Пресвитер вышел, и вскоре вернувшись с кожаным мешком, достал из него два свернутых свитка.
– Бери! – благоговейно поцеловав их, сказал он Альбину. – И помни – эти книги любой ценой должны быть сохранены для нас и всех последующих поколений. А теперь ступай. Мы помолимся за тебя…
– Да-да, конечно! – согласился старый сенатор.
А молодой всадник неожиданно засуетился и, извиняясь, сказал, что ему тоже нужно срочно идти.
Но на это никто не обратил внимания. И даже не заметил, как блеснули его глаза при виде свитков, за которые префект претория мог сделать самым богатым даже самого бедного человека…
9
Утренняя трапеза оказалась на редкость обильной.

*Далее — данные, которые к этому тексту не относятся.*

(* Let $A\in\mathbb{R}^{n\times n}$, $B\in\mathbb{R}^{n\times m}$, $C\in\mathbb{R}^{p\times n}$ with $(A,C)$ observable, $\ell$ its observability index, and $\mathbf{A}_\ell,\mathbf{B}_\ell,Z_\ell$ as in the context. For each $\hat x\in\mathbb{R}^n$ and each sequence $\{u(k)\}_{k=0}^\infty$ there exists $\hat\xi$ such that the solution $x(\cdot)$ of $x^+=Ax+Bu$ with $x(0)=\hat x$, its output $y(\cdot)=Cx(\cdot)$, and the solution $\xi(\cdot)$ of $\xi^+=\mathbf{A}_\ell\xi+\mathbf{B}_\ell v$ with $\xi(\ell)=\hat\xi$ and input $v(k)=u(k)$ for $k\ge\ell$ satisfy, for all $k\ge\ell$, $\xi(k)=(y(k-\ell),\dots,y(k-1),u(k-\ell),\dots,u(k-1))$ and $y(k)=Z_\ell\xi(k)$.
   Context: $(v_1,\dots,v_r)$ denotes a stacked column vector. The observability index $\ell$ is the smallest $l$ with $\operatorname{rank}[C;CA;\dots;CA^{l-1}]=n$. Define $\mathcal{O}_\ell=[C;CA;\dots;CA^{\ell-1}]$; $\mathcal{T}_\ell\in\mathbb{R}^{p\ell\times m\ell}$ block lower triangular with $(i,j)$ block $CA^{i-j-1}B$ if $i>j$ and $0$ otherwise; $\mathcal{R}_\ell=[A^{\ell-1}B\ \cdots\ AB\ B]$; $\mathcal{O}_\ell^{L}$ a fixed left inverse of $\mathcal{O}_\ell$. $\mathbf{F}_\ell=\mathrm{blockdiag}(S_p,S_m)$ where $S_q\in\mathbb{R}^{q\ell\times q\ell}$ has blocks $I_q$ at block positions $(i,i+1)$, $i=1,\dots,\ell-1$, zeros elsewhere; $\mathbf{L}_\ell\in\mathbb{R}^{(p\ell+m\ell)\times p}$ has $I_p$ in rows $p\ell-p+1,\dots,p\ell$, zeros elsewhere; $\mathbf{B}_\ell\in\mathbb{R}^{(p\ell+m\ell)\times m}$ has $I_m$ in its last $m$ rows, zeros elsewhere. $Z_\ell=[CA^\ell\mathcal{O}_\ell^L\ \ C\mathcal{R}_\ell-CA^\ell\mathcal{O}_\ell^L\mathcal{T}_\ell]$, $\mathbf{A}_\ell=\mathbf{F}_\ell+\mathbf{L}_\ell Z_\ell$. *)

theory Defs
  imports "Jordan_Normal_Form.DL_Rank"
begin

text \<open>Observability matrix O_l = [C; CA; ...; CA^(l-1)], of size (p*l) x n.\<close>
definition obs_mat :: "real mat \<Rightarrow> real mat \<Rightarrow> nat \<Rightarrow> real mat" where
  "obs_mat A C l = mat (dim_row C * l) (dim_col A)
     (\<lambda>(i,j). (C * A ^\<^sub>m (i div dim_row C)) $$ (i mod dim_row C, j))"

definition observable :: "real mat \<Rightarrow> real mat \<Rightarrow> bool" where
  "observable A C = (\<exists>l. vec_space.rank (dim_row C * l) (obs_mat A C l) = dim_col A)"

definition obs_index :: "real mat \<Rightarrow> real mat \<Rightarrow> nat" where
  "obs_index A C = (LEAST l. vec_space.rank (dim_row C * l) (obs_mat A C l) = dim_col A)"

text \<open>T_l: (p*l) x (m*l) block lower triangular, block (i,j) = C A^(i-j-1) B for i>j.\<close>
definition toeplitz_mat :: "real mat \<Rightarrow> real mat \<Rightarrow> real mat \<Rightarrow> nat \<Rightarrow> real mat" where
  "toeplitz_mat A B C l = mat (dim_row C * l) (dim_col B * l)
     (\<lambda>(i,j). let bi = i div dim_row C; bj = j div dim_col B in
        if bi > bj then (C * A ^\<^sub>m (bi - bj - 1) * B) $$ (i mod dim_row C, j mod dim_col B)
        else 0)"

text \<open>R_l = [A^(l-1) B, ..., A B, B], of size n x (m*l).\<close>
definition reach_mat :: "real mat \<Rightarrow> real mat \<Rightarrow> nat \<Rightarrow> real mat" where
  "reach_mat A B l = mat (dim_row B) (dim_col B * l)
     (\<lambda>(i,j). (A ^\<^sub>m (l - 1 - j div dim_col B) * B) $$ (i, j mod dim_col B))"

definition Z_mat :: "real mat \<Rightarrow> real mat \<Rightarrow> real mat \<Rightarrow> real mat \<Rightarrow> nat \<Rightarrow> real mat" where
  "Z_mat A B C OL l =
     (let M1 = C * A ^\<^sub>m l * OL;
          M2 = C * reach_mat A B l - C * A ^\<^sub>m l * OL * toeplitz_mat A B C l;
          pl = dim_row C * l
      in mat (dim_row C) (pl + dim_col B * l)
           (\<lambda>(i,j). if j < pl then M1 $$ (i,j) else M2 $$ (i, j - pl)))"

definition shift_mat :: "nat \<Rightarrow> nat \<Rightarrow> real mat" where
  "shift_mat q l = mat (q*l) (q*l)
     (\<lambda>(i,j). if j div q = i div q + 1 \<and> j mod q = i mod q then 1 else 0)"

definition F_mat :: "nat \<Rightarrow> nat \<Rightarrow> nat \<Rightarrow> real mat" where
  "F_mat p m l = four_block_mat (shift_mat p l) (0\<^sub>m (p*l) (m*l)) (0\<^sub>m (m*l) (p*l)) (shift_mat m l)"

definition L_mat :: "nat \<Rightarrow> nat \<Rightarrow> nat \<Rightarrow> real mat" where
  "L_mat p m l = mat (p*l + m*l) p
     (\<lambda>(i,j). if p*l - p \<le> i \<and> i < p*l \<and> i - (p*l - p) = j then 1 else 0)"

definition Bl_mat :: "nat \<Rightarrow> nat \<Rightarrow> nat \<Rightarrow> real mat" where
  "Bl_mat p m l = mat (p*l + m*l) m
     (\<lambda>(i,j). if p*l + m*l - m \<le> i \<and> i - (p*l + m*l - m) = j then 1 else 0)"

definition Al_mat :: "real mat \<Rightarrow> real mat \<Rightarrow> real mat \<Rightarrow> real mat \<Rightarrow> nat \<Rightarrow> real mat" where
  "Al_mat A B C OL l = F_mat (dim_row C) (dim_col B) l + L_mat (dim_row C) (dim_col B) l * Z_mat A B C OL l"

definition past_window :: "nat \<Rightarrow> nat \<Rightarrow> nat \<Rightarrow> (nat \<Rightarrow> real vec) \<Rightarrow> (nat \<Rightarrow> real vec) \<Rightarrow> nat \<Rightarrow> real vec" where
  "past_window p m l y u k = vec (p*l + m*l)
     (\<lambda>i. if i < p*l then y (k - l + i div p) $ (i mod p)
          else u (k - l + (i - p*l) div m) $ ((i - p*l) mod m))"

end

theory Submission
  imports Defs
begin

(* Fix a time k >= l and put s = k - l. Over the window s, ..., k - 1 the stacked outputs Y and
   inputs U satisfy Y = O_l x(s) + T_l U, while x(k) = A^l x(s) + R_l U. Since O_l^L O_l = I,
   the window determines the state, x(s) = O_l^L (Y - T_l U), and therefore
   y(k) = C x(k) = C A^l O_l^L Y + (C R_l - C A^l O_l^L T_l) U = Z_l (Y, U).
   Moving the window one step shifts the blocks of (Y, U) by F_l and appends y(k) and u(k)
   through L_l and B_l; with y(k) = Z_l (Y, U) this is exactly xi(k+1) = A_l xi(k) + B_l u(k).
   So the window of the true trajectory solves the recursion for xi, and taking xi_hat to be its
   value at time l forces xi to be that window at all times k >= l. *)

lemma sum_lessThan_mult:
  fixes f :: "nat \<Rightarrow> 'a::comm_monoid_add"
  shows "(\<Sum>i<q * l. f i) = (\<Sum>b<l. \<Sum>c<q. f (b * q + c))"
proof (induction l)
  case (Suc l)
  have "(\<Sum>i<q * Suc l. f i) = (\<Sum>i = 0..<l * q. f i) + (\<Sum>i = l * q..<l * q + q. f i)"
    by (simp add: atLeast0LessThan[symmetric] sum.atLeastLessThan_concat algebra_simps)
  also have "(\<Sum>i = l * q..<l * q + q. f i) = (\<Sum>c<q. f (l * q + c))"
    using sum.shift_bounds_nat_ivl[of f 0 "l * q" q] by (simp add: atLeast0LessThan add.commute)
  finally show ?case
    using Suc by (simp add: atLeast0LessThan mult.commute)
qed simp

Александр даже растерялся, увидев на столе пироги, блины, котлеты, многочисленные салаты…
– Только не надейтесь, что у нас так всегда! – предупредила Галина Степановна.
– Или что это мы так постарались в честь твоего приезда! – добавил отец Лев.
– Да, – объяснил, перехватив недоуменный взгляд Александра, отец Игорь. – Просто вчера мы отмечали здесь именины регента нашего церковного хора, и вот – осталось…
«Если это то, что только осталось, то что же было вчера?!» – невольно подумал Александр и с аппетитом принялся завтракать.
Очнулся он от громкого голоса отца Льва.
– Интересно, от какого слова происходит – «писатель»? – с усмешкой спросил тот и, не дожидаясь, пока Александр проглотит кусок и раскроет рот, сам же ответил: – Наверное, от слова «уписывать за обе щеки»! Ешь, ешь, – уже добродушно подложил он в тарелку гостя еще одну котлету и кусок пирога.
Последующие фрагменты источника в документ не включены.